Task statement. From the entries below, copy exactly the lines from the one that contains "(Ionescu_Tulcea.CI (rc_kernel p0" through the one that contains "text \<open>A deterministic", both included, and only those.

[Data records]

::::

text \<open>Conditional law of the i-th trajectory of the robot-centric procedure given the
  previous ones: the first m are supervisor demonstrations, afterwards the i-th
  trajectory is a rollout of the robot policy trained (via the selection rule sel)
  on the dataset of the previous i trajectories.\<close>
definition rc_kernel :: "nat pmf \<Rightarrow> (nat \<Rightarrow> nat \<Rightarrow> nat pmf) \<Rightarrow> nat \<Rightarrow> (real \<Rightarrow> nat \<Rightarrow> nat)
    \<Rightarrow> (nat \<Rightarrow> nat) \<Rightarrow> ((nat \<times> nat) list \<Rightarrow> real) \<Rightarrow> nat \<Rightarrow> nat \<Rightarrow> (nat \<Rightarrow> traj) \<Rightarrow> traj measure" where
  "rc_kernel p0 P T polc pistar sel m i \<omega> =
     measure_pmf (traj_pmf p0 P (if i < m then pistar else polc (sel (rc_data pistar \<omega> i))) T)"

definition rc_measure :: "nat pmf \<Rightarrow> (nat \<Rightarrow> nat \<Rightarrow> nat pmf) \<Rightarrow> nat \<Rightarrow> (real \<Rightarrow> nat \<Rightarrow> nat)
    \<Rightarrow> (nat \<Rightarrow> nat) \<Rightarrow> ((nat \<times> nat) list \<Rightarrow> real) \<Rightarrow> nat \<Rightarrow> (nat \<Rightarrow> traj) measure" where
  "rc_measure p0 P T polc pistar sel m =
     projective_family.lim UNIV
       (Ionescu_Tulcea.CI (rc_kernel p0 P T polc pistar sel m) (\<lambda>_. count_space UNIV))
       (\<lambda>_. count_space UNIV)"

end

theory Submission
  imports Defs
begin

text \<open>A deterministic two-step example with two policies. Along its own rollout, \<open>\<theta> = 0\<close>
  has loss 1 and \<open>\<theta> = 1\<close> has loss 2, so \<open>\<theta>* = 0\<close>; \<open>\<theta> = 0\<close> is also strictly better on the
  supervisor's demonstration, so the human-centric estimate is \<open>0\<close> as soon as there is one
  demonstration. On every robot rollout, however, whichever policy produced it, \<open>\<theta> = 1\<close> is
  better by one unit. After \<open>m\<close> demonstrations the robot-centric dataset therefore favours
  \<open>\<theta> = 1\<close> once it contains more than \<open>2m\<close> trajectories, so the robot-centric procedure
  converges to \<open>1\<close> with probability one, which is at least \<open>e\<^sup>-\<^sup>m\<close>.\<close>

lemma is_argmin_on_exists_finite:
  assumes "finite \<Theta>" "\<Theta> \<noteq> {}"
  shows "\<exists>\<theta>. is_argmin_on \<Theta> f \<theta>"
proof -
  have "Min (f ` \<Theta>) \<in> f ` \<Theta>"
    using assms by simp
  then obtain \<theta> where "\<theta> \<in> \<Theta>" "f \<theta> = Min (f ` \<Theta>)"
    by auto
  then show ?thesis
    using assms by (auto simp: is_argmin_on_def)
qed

::::

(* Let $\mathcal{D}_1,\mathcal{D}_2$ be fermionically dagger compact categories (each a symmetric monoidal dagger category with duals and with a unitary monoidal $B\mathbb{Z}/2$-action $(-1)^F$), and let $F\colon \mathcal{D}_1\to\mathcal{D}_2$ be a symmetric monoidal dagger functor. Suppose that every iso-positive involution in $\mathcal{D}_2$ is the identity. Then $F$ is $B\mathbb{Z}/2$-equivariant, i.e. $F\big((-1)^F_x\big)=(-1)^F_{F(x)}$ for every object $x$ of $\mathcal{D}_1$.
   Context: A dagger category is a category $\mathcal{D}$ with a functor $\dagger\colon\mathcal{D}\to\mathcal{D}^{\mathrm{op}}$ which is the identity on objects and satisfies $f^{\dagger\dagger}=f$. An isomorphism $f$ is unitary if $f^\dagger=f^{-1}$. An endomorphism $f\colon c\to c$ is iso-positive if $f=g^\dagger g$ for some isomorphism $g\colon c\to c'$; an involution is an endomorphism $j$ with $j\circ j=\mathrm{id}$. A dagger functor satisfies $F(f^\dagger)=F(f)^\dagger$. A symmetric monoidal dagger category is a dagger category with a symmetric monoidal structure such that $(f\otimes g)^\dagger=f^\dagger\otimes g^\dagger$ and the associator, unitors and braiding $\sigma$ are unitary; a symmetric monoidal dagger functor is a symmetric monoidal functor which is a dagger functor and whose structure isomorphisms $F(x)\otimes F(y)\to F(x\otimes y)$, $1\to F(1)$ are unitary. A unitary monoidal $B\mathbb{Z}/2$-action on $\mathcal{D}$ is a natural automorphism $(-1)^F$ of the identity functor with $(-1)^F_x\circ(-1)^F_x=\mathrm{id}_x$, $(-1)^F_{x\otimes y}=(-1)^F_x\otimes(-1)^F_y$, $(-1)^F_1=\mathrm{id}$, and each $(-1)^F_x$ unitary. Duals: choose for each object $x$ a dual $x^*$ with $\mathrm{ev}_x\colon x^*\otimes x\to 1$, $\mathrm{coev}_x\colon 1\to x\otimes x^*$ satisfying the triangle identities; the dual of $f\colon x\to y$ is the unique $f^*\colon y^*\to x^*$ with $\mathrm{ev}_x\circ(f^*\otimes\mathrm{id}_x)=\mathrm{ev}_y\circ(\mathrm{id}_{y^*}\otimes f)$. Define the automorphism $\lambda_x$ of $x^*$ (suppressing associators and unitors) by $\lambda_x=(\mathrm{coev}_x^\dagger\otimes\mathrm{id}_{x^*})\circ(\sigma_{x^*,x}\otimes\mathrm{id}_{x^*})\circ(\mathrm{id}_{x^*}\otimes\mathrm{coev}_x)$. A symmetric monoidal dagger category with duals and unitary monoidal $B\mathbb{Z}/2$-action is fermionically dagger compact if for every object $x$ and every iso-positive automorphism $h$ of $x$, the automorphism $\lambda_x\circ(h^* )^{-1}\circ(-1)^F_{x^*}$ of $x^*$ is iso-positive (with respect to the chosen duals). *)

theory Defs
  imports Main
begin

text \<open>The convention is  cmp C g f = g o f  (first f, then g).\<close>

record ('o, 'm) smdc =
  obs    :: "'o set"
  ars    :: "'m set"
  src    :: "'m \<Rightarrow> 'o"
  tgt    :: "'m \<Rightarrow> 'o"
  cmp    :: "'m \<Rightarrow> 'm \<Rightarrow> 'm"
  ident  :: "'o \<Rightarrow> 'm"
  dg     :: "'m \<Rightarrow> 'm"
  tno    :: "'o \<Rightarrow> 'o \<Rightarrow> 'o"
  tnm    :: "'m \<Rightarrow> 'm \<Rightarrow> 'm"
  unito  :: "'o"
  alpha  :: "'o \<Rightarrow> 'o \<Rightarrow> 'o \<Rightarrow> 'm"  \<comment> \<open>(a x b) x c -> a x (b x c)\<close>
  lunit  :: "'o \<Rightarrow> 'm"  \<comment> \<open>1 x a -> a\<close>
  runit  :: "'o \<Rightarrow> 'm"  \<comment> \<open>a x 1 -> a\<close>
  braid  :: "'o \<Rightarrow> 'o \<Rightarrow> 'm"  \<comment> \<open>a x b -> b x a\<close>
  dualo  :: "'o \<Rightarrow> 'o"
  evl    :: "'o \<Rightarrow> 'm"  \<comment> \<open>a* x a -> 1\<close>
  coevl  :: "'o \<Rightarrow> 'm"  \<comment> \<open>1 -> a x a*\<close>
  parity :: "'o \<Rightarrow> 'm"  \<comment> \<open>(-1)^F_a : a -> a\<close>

::::

Answer to the problem.
       (Ionescu_Tulcea.CI (rc_kernel p0 P T polc pistar sel m) (\<lambda>_. count_space UNIV))
       (\<lambda>_. count_space UNIV)"

end

theory Submission
  imports Defs
begin

text \<open>A deterministic two-step example with two policies. Along its own rollout, \<open>\<theta> = 0\<close>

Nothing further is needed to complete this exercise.